◆ TRY IT ◆
From the top of the entries below through the line containing "dvd f * barpoly m", return every line exactly as written, please, and stop there.

/---

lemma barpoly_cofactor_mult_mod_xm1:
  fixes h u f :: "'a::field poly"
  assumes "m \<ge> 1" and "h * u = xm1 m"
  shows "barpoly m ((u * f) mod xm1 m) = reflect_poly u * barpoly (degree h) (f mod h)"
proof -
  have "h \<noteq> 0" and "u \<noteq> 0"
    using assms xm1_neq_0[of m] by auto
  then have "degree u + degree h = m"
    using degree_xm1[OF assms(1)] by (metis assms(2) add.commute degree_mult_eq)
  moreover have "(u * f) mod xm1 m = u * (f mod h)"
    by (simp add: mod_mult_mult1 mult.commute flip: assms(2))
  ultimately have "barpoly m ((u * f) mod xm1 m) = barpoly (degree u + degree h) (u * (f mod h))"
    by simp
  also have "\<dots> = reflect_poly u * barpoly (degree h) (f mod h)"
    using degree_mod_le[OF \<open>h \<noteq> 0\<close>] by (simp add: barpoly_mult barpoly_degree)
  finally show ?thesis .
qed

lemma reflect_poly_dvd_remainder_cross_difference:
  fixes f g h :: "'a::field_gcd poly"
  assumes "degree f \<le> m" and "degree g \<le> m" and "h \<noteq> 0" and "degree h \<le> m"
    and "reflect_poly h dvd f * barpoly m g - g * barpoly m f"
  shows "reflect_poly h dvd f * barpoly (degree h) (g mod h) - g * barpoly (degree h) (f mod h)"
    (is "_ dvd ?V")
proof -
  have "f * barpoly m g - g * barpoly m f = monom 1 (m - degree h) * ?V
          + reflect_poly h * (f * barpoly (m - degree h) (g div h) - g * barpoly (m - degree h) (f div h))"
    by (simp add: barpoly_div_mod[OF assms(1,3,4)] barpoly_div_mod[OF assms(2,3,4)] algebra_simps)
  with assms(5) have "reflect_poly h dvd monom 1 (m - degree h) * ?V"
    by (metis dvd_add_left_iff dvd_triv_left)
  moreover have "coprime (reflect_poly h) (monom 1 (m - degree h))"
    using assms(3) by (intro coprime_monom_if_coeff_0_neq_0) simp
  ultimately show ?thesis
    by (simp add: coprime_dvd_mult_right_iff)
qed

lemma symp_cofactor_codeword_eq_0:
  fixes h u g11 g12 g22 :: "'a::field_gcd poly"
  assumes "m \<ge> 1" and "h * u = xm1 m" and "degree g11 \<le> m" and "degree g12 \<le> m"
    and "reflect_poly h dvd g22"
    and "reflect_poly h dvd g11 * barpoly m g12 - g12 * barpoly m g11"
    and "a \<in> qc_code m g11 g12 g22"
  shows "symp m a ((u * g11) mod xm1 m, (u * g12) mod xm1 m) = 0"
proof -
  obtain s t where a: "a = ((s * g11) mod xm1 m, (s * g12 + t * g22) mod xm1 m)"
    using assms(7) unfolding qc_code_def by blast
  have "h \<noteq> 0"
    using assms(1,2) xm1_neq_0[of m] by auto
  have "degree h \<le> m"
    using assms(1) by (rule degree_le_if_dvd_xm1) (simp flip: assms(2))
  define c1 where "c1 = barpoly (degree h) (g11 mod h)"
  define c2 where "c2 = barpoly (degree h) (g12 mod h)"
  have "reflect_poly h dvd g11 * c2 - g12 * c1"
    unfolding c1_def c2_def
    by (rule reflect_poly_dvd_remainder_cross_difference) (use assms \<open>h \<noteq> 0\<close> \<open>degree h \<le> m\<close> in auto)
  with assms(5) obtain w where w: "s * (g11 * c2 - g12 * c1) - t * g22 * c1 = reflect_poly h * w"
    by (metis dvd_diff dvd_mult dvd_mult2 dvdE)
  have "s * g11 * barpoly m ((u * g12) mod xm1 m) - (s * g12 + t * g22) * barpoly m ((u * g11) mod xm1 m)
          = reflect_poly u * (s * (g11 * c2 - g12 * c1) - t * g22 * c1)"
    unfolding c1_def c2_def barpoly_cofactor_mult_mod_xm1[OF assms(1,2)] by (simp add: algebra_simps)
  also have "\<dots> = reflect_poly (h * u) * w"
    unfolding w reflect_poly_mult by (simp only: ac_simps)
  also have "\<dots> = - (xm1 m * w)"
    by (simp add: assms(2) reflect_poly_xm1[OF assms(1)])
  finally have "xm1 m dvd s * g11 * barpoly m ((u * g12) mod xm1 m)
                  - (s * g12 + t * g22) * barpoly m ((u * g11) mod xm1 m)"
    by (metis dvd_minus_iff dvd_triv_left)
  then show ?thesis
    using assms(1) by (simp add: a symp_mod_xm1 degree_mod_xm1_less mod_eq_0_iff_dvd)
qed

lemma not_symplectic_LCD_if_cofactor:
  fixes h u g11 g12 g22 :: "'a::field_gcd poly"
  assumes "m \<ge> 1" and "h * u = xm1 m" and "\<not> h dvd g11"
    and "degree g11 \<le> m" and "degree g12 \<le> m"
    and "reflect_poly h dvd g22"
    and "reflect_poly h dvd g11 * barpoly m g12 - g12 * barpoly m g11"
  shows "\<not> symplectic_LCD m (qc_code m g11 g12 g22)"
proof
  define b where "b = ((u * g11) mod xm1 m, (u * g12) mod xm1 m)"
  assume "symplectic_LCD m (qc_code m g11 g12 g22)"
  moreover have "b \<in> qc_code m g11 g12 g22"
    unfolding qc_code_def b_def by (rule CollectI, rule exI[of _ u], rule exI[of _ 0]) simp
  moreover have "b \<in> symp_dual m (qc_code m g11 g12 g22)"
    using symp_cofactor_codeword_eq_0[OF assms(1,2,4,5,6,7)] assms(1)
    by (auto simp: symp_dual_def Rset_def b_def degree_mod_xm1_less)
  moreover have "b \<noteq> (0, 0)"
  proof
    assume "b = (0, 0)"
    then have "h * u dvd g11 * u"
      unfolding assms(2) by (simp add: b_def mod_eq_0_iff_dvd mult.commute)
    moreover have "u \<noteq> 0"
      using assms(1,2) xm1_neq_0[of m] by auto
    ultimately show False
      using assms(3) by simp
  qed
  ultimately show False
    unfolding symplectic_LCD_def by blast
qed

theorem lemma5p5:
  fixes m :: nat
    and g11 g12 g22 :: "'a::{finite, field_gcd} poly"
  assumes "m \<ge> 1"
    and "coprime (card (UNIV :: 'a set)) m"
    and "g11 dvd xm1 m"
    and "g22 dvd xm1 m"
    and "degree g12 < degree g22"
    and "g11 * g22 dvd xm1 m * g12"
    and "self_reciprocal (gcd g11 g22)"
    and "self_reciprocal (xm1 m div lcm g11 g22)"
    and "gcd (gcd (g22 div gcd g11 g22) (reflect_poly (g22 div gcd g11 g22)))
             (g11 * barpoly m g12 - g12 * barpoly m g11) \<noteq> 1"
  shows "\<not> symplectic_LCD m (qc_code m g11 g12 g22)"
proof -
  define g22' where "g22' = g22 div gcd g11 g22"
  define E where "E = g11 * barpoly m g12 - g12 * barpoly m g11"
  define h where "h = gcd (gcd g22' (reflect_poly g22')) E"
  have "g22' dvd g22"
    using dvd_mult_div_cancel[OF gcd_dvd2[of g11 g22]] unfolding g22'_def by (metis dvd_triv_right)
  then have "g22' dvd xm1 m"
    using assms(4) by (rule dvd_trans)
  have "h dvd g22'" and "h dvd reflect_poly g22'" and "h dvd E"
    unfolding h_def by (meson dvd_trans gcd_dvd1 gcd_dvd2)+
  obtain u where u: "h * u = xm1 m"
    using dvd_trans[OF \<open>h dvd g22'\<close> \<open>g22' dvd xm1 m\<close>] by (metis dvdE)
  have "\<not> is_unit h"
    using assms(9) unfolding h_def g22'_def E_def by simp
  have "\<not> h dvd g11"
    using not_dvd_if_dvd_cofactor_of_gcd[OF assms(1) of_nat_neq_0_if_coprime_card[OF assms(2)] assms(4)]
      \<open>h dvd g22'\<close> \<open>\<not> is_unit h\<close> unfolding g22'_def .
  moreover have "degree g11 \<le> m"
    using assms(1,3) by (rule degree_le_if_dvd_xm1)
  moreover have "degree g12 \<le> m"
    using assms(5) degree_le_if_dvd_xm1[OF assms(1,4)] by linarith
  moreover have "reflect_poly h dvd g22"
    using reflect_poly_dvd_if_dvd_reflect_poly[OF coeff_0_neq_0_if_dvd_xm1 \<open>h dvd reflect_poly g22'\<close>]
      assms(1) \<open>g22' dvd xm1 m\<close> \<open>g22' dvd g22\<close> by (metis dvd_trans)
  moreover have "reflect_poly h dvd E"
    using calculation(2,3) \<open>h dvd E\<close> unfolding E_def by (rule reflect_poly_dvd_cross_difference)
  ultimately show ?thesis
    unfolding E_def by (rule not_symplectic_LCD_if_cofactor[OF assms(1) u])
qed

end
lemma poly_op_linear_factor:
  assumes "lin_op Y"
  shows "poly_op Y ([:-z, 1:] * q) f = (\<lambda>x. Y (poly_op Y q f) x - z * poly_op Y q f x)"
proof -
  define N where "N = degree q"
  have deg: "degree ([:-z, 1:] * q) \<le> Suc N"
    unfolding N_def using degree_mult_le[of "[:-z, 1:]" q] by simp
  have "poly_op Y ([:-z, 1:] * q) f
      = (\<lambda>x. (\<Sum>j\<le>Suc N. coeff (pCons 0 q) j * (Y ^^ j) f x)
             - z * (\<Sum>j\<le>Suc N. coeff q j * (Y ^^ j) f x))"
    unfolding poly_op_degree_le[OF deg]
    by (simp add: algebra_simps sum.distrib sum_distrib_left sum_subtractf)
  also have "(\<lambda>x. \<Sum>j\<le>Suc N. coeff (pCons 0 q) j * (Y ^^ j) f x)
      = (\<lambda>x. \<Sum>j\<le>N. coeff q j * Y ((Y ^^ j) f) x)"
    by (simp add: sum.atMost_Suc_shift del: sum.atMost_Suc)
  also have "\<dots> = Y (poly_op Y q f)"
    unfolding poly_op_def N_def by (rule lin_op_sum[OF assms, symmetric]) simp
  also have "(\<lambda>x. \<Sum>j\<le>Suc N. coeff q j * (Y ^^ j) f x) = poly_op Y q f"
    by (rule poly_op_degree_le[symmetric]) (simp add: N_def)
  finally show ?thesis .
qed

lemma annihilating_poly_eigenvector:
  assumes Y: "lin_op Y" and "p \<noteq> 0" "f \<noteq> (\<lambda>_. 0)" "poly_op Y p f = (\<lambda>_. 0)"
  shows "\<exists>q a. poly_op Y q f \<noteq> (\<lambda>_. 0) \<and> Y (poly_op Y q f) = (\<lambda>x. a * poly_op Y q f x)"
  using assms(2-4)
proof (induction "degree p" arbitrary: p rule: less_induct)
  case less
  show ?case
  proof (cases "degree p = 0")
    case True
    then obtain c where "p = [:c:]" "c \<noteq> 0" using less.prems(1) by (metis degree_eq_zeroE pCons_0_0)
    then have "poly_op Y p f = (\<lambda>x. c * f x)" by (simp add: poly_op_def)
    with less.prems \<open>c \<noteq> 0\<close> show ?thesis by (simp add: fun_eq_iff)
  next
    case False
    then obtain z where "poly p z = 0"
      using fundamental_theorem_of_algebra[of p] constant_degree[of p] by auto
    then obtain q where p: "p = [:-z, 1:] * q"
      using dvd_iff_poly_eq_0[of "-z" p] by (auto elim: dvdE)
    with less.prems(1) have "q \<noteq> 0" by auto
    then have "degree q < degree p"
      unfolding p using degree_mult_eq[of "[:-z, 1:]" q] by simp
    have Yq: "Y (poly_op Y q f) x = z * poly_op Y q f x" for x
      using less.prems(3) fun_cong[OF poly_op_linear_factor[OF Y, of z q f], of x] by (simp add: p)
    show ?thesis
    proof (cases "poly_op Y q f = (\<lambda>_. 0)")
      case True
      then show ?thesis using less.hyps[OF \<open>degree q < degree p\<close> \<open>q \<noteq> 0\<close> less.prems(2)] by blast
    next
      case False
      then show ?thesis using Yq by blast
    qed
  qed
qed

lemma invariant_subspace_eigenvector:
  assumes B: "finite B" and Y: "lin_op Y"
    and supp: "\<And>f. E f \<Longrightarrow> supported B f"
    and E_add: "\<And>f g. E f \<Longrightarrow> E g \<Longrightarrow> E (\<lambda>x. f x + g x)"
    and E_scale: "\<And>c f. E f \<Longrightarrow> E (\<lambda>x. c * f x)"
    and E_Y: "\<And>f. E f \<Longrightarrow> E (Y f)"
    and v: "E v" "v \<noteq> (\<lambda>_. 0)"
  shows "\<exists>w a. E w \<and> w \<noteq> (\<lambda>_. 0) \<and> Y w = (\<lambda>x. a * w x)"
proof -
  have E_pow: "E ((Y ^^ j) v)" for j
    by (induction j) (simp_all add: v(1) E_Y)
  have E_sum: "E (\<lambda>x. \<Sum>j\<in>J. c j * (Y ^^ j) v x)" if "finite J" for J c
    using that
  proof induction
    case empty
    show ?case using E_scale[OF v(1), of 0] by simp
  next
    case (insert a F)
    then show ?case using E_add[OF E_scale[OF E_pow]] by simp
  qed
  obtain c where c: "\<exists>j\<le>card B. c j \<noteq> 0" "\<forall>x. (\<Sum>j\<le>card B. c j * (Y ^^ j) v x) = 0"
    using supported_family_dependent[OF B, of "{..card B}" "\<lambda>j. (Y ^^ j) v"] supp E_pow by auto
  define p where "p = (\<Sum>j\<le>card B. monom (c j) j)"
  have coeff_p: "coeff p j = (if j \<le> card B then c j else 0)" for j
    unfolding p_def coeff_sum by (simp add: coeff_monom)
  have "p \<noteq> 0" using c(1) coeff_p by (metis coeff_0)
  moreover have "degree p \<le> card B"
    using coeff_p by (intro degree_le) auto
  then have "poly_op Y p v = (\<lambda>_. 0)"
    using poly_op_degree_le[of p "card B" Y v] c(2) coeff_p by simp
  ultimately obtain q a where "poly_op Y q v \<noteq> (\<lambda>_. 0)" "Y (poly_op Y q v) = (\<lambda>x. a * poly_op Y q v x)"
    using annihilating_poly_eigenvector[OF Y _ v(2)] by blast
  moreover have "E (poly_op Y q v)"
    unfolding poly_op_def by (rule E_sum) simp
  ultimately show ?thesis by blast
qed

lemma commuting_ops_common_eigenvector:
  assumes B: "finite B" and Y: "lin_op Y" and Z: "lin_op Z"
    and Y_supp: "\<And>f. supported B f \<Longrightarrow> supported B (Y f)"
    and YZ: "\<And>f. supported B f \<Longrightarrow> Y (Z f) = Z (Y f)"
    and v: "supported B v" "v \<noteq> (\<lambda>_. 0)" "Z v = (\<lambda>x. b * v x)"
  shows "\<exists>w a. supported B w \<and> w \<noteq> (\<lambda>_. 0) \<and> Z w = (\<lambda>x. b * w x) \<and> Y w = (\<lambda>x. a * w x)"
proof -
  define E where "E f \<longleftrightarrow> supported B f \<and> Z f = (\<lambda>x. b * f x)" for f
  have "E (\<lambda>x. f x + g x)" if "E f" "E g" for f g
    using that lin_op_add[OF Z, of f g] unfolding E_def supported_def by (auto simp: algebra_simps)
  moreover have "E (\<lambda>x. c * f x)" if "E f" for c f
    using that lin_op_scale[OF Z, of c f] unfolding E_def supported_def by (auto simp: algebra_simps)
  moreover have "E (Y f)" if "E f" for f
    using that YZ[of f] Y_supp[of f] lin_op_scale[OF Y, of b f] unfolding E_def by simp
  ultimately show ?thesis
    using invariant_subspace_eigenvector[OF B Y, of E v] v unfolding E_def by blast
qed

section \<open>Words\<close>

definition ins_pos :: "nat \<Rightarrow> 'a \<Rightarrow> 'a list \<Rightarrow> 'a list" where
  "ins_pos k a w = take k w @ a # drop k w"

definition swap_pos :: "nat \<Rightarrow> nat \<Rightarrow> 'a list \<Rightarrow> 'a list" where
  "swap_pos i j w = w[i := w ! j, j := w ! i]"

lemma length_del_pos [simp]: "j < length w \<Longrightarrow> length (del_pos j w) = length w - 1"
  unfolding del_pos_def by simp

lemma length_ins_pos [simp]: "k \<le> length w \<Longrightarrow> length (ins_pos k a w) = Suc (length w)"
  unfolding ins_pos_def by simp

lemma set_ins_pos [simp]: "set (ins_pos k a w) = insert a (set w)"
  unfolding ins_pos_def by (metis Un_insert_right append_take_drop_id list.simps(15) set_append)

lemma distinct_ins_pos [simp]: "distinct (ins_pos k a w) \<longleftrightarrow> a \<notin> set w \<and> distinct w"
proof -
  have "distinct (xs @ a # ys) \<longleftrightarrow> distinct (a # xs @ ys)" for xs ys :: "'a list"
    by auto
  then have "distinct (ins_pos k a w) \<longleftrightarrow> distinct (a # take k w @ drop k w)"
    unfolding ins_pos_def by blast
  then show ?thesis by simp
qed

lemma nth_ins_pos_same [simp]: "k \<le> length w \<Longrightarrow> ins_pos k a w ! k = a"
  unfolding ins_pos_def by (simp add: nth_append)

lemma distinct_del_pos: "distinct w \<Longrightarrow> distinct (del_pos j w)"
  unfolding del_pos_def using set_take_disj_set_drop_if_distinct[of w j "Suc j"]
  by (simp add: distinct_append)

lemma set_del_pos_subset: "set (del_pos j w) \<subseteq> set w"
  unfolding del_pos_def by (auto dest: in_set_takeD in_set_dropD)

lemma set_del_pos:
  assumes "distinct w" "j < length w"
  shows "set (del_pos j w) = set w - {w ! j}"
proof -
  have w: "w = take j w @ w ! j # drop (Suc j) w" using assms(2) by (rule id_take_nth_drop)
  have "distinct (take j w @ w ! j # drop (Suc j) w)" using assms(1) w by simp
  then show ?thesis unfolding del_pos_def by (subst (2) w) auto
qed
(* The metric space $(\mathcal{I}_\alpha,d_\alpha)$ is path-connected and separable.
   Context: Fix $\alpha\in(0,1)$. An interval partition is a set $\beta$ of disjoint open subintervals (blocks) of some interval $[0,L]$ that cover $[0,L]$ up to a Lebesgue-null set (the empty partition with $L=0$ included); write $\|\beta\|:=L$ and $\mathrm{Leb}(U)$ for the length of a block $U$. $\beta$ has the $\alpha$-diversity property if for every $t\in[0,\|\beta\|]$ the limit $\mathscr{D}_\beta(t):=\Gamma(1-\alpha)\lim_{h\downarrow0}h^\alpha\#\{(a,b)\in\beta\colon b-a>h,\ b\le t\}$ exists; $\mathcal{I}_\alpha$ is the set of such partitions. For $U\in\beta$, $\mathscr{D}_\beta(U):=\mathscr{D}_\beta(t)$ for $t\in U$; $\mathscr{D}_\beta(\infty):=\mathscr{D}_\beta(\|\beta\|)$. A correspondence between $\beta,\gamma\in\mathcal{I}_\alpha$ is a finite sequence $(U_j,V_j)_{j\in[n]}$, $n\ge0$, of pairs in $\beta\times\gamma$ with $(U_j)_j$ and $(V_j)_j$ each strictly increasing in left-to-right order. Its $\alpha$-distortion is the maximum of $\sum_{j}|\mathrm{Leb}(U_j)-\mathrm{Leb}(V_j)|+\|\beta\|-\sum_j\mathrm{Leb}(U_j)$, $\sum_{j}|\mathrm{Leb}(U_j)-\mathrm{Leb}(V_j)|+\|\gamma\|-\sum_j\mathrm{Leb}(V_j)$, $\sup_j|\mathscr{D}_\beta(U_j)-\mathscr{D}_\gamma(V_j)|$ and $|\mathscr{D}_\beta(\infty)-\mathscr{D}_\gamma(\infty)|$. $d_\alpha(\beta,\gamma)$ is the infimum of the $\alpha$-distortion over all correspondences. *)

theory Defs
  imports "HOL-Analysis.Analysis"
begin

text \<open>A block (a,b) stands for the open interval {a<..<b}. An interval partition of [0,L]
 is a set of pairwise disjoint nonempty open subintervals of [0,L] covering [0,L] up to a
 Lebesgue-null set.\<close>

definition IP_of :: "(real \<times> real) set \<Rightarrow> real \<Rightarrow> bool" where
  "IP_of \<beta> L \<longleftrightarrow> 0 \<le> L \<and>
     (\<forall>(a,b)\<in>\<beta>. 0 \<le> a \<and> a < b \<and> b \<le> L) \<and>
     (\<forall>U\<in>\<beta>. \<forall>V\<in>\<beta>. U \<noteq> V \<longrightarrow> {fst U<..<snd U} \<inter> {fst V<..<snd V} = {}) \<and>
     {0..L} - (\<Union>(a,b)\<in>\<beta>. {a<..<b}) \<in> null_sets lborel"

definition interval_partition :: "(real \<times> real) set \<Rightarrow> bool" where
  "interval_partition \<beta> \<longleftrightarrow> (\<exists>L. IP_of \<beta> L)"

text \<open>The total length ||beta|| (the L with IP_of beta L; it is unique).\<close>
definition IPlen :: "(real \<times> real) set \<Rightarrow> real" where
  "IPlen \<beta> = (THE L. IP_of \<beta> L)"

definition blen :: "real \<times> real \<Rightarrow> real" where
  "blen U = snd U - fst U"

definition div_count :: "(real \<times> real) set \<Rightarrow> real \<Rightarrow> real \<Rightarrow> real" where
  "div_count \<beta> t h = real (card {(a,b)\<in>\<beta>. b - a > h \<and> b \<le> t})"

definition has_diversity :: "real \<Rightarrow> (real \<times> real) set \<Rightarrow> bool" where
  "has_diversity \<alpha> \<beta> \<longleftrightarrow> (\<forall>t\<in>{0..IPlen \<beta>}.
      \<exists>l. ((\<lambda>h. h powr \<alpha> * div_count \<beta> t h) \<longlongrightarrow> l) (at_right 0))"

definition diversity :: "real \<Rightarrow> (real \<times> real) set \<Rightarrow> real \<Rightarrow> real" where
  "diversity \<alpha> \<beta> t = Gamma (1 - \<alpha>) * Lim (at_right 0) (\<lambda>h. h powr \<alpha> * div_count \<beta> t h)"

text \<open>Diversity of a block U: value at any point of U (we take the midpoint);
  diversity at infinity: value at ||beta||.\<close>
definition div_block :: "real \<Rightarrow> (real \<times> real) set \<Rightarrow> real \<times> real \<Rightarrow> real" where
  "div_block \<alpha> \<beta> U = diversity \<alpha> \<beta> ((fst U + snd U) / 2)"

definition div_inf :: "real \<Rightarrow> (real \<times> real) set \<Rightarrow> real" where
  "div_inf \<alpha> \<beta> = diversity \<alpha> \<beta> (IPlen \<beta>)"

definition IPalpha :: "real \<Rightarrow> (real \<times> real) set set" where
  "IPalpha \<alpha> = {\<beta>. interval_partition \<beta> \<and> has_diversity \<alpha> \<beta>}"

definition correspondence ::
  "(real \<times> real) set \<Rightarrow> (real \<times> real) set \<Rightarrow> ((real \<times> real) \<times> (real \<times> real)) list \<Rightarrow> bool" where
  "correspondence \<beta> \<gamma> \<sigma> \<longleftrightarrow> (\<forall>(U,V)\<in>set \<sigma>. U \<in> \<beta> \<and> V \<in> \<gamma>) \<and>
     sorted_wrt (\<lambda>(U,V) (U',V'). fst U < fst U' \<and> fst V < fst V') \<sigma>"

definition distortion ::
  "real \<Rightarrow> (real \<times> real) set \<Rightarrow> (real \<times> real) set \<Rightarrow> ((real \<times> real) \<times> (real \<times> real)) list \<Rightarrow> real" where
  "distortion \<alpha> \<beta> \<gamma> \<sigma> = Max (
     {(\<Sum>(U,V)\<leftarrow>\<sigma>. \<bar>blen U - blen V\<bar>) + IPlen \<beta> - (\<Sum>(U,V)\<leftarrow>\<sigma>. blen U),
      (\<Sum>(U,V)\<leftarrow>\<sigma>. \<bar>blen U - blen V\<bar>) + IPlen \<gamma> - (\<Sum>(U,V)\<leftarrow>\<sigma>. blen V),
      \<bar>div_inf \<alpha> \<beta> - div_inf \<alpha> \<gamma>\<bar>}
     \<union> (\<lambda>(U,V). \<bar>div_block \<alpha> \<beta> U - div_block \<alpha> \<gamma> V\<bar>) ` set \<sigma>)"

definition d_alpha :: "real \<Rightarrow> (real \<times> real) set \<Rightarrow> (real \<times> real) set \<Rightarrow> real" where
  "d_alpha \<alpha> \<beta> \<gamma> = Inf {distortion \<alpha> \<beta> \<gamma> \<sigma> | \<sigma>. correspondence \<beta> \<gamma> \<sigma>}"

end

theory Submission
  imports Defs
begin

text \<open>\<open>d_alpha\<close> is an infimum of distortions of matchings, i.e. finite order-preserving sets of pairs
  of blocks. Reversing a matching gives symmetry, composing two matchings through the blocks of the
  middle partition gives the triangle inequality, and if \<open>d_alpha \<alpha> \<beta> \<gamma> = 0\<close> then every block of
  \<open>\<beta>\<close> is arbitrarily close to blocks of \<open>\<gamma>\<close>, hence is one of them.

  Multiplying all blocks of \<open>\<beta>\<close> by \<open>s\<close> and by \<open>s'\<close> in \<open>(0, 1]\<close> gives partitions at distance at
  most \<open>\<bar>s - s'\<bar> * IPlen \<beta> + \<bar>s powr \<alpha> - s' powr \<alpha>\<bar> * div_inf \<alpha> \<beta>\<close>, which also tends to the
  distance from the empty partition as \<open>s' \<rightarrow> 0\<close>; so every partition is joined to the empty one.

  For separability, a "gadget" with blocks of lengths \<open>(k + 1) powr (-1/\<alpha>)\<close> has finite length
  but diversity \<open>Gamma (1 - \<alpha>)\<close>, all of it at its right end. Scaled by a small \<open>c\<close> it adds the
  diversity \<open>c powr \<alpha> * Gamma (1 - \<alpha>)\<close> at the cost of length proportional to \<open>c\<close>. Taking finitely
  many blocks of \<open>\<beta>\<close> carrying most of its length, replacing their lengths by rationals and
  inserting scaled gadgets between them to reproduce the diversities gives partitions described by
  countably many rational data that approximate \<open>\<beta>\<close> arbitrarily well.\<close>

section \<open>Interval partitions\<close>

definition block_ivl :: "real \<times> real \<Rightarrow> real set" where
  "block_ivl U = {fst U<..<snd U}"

\---

◆ OUTPUT FOR THIS TASK ◆
lemma barpoly_cofactor_mult_mod_xm1:
  fixes h u f :: "'a::field poly"
  assumes "m \<ge> 1" and "h * u = xm1 m"
  shows "barpoly m ((u * f) mod xm1 m) = reflect_poly u * barpoly (degree h) (f mod h)"
proof -
  have "h \<noteq> 0" and "u \<noteq> 0"
    using assms xm1_neq_0[of m] by auto
  then have "degree u + degree h = m"
    using degree_xm1[OF assms(1)] by (metis assms(2) add.commute degree_mult_eq)
  moreover have "(u * f) mod xm1 m = u * (f mod h)"
    by (simp add: mod_mult_mult1 mult.commute flip: assms(2))
  ultimately have "barpoly m ((u * f) mod xm1 m) = barpoly (degree u + degree h) (u * (f mod h))"
    by simp
  also have "\<dots> = reflect_poly u * barpoly (degree h) (f mod h)"
    using degree_mod_le[OF \<open>h \<noteq> 0\<close>] by (simp add: barpoly_mult barpoly_degree)
  finally show ?thesis .
qed

lemma reflect_poly_dvd_remainder_cross_difference:
  fixes f g h :: "'a::field_gcd poly"
  assumes "degree f \<le> m" and "degree g \<le> m" and "h \<noteq> 0" and "degree h \<le> m"
    and "reflect_poly h dvd f * barpoly m g - g * barpoly m f"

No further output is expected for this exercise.